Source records
(* In the setting of the context, fix $\beta>0$ and let $\Gamma_\beta:=\overline{W_{\overline{\mathbb{R}}\times\{\beta\}}(T)\setminus i\mathbb{R}}$. Then there is a unique maximal horizontal strip with respect to $\Gamma_\beta$ if and only if $d>\min(2\sqrt{\beta},d_2)$. If $d\le\min(2\sqrt{\beta},d_2)$ there is no such strip.
   Context: Let $c\ge0$, $d>0$, $\delta_\pm:=\pm\sqrt{c-d^2/4}-id/2$ (principal square root). For real $\alpha,\beta$ let $p_{(\alpha,\beta)}(\omega):=(\alpha-\omega^2)(c-id\omega-\omega^2)-\beta\omega^2$ with roots $r_1,\dots,r_4$ labelled continuously in $(\alpha,\beta)$ and extended by limits to $\alpha=\pm\infty$ (roots $\delta_\pm$ and $\infty$ twice), values in the Riemann sphere $\overline{\mathbb{C}}$. $W_{\overline{\mathbb{R}}\times\{\beta\}}(T):=\bigcup_{n=1}^4\{r_n(\alpha,\beta):\alpha\in\mathbb{R}\cup\{\pm\infty\}\}$, closures in $\overline{\mathbb{C}}$. Let $q_\beta(\mu):=\mu^4+2d\mu^3+(2c+d^2)\mu^2+d(\beta/2+2c)\mu+c(\beta+c)$ and $\Delta_{q_\beta}$ its discriminant as a function of $d$. Define $d_2$ by: $d_2=\infty$ if $\beta<4c$; if $\beta\ge4c>0$, $d_2$ is the (unique) solution of $\Delta_{q_\beta}=0$ in $(2\sqrt{c},2\sqrt{\beta}]$; if $c=0$, $d_2=\sqrt{27\beta/8}$. A horizontal strip is an open set $\mathcal{S}=\{\omega\in\overline{\mathbb{C}}:s_0<\omega_\Im<s_1\}$ with real $s_0<s_1$; for a closed $\Gamma\subset\overline{\mathbb{C}}$ it is maximal with respect to $\Gamma$ if $\mathcal{S}\subset\overline{\mathbb{C}}\setminus\Gamma$, $\Gamma\cap(\mathbb{R}+is_0)\neq\emptyset$ and $\Gamma\cap(\mathbb{R}+is_1)\neq\emptyset$. *)

theory Defs
  imports "HOL-Analysis.Analysis"
begin

definition pab :: "real \<Rightarrow> real \<Rightarrow> real \<Rightarrow> real \<Rightarrow> complex \<Rightarrow> complex" where
  "pab c d \<alpha> \<beta> \<omega> =
     (of_real \<alpha> - \<omega>^2) * (of_real c - \<i> * of_real d * \<omega> - \<omega>^2) - of_real \<beta> * \<omega>^2"

definition delta_p :: "real \<Rightarrow> real \<Rightarrow> complex" where
  "delta_p c d = csqrt (of_real (c - d^2/4)) - \<i> * of_real (d/2)"
definition delta_m :: "real \<Rightarrow> real \<Rightarrow> complex" where
  "delta_m c d = - csqrt (of_real (c - d^2/4)) - \<i> * of_real (d/2)"

text \<open>Finite part of W_{(R-bar) x {beta}}(T): union over all alpha in R of the four roots
  r_1..r_4 of p_(alpha,beta), together with the finite limit roots delta_+, delta_- at
  alpha = +-infinity (the remaining limits are the point infinity, not in C).\<close>
definition W_beta :: "real \<Rightarrow> real \<Rightarrow> real \<Rightarrow> complex set" where
  "W_beta c d \<beta> = {\<omega>. \<exists>\<alpha>::real. pab c d \<alpha> \<beta> \<omega> = 0} \<union> {delta_p c d, delta_m c d}"

text \<open>Finite part of Gamma_beta = closure of (W \ iR). Closure in the Riemann sphere
  intersected with C equals the closure in C of the finite part.\<close>
definition Gamma_beta :: "real \<Rightarrow> real \<Rightarrow> real \<Rightarrow> complex set" where
  "Gamma_beta c d \<beta> = closure {\<omega> \<in> W_beta c d \<beta>. Re \<omega> \<noteq> 0}"

definition disc4 :: "real \<Rightarrow> real \<Rightarrow> real \<Rightarrow> real \<Rightarrow> real \<Rightarrow> real" where
  "disc4 a b c d e =
     256*a^3*e^3 - 192*a^2*b*d*e^2 - 128*a^2*c^2*e^2 + 144*a^2*c*d^2*e - 27*a^2*d^4
   + 144*a*b^2*c*e^2 - 6*a*b^2*d^2*e - 80*a*b*c^2*d*e + 18*a*b*c*d^3 + 16*a*c^4*e
   - 4*a*c^3*d^2 - 27*b^4*e^2 + 18*b^3*c*d*e - 4*b^3*d^3 - 4*b^2*c^3*e + b^2*c^2*d^2"

definition disc_q :: "real \<Rightarrow> real \<Rightarrow> real \<Rightarrow> real" where
  "disc_q c \<beta> d = disc4 1 (2*d) (2*c + d^2) (d*(\<beta>/2 + 2*c)) (c*(\<beta> + c))"

definition d2 :: "real \<Rightarrow> real \<Rightarrow> ereal" where
  "d2 c \<beta> =
    (if c = 0 then ereal (sqrt (27*\<beta>/8))
     else if \<beta> < 4*c then \<infinity>
     else ereal (THE x. 2 * sqrt c < (x::real) \<and> x \<le> 2 * sqrt \<beta> \<and> disc_q c \<beta> x = 0))"

definition maximal_strip :: "complex set \<Rightarrow> real \<Rightarrow> real \<Rightarrow> bool" where
  "maximal_strip \<Gamma> s0 s1 \<longleftrightarrow> s0 < s1 \<and>
     {\<omega>. s0 < Im \<omega> \<and> Im \<omega> < s1} \<inter> \<Gamma> = {} \<and>
     (\<exists>\<omega>\<in>\<Gamma>. Im \<omega> = s0) \<and> (\<exists>\<omega>\<in>\<Gamma>. Im \<omega> = s1)"

end

theory Submission
  imports Defs
begin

#### [Task directions]
Report each line in the data above that holds the word "exists" by copying it.

#### [Solved problem]
  "W_beta c d \<beta> = {\<omega>. \<exists>\<alpha>::real. pab c d \<alpha> \<beta> \<omega> = 0} \<union> {delta_p c d, delta_m c d}"
     (\<exists>\<omega>\<in>\<Gamma>. Im \<omega> = s0) \<and> (\<exists>\<omega>\<in>\<Gamma>. Im \<omega> = s1)"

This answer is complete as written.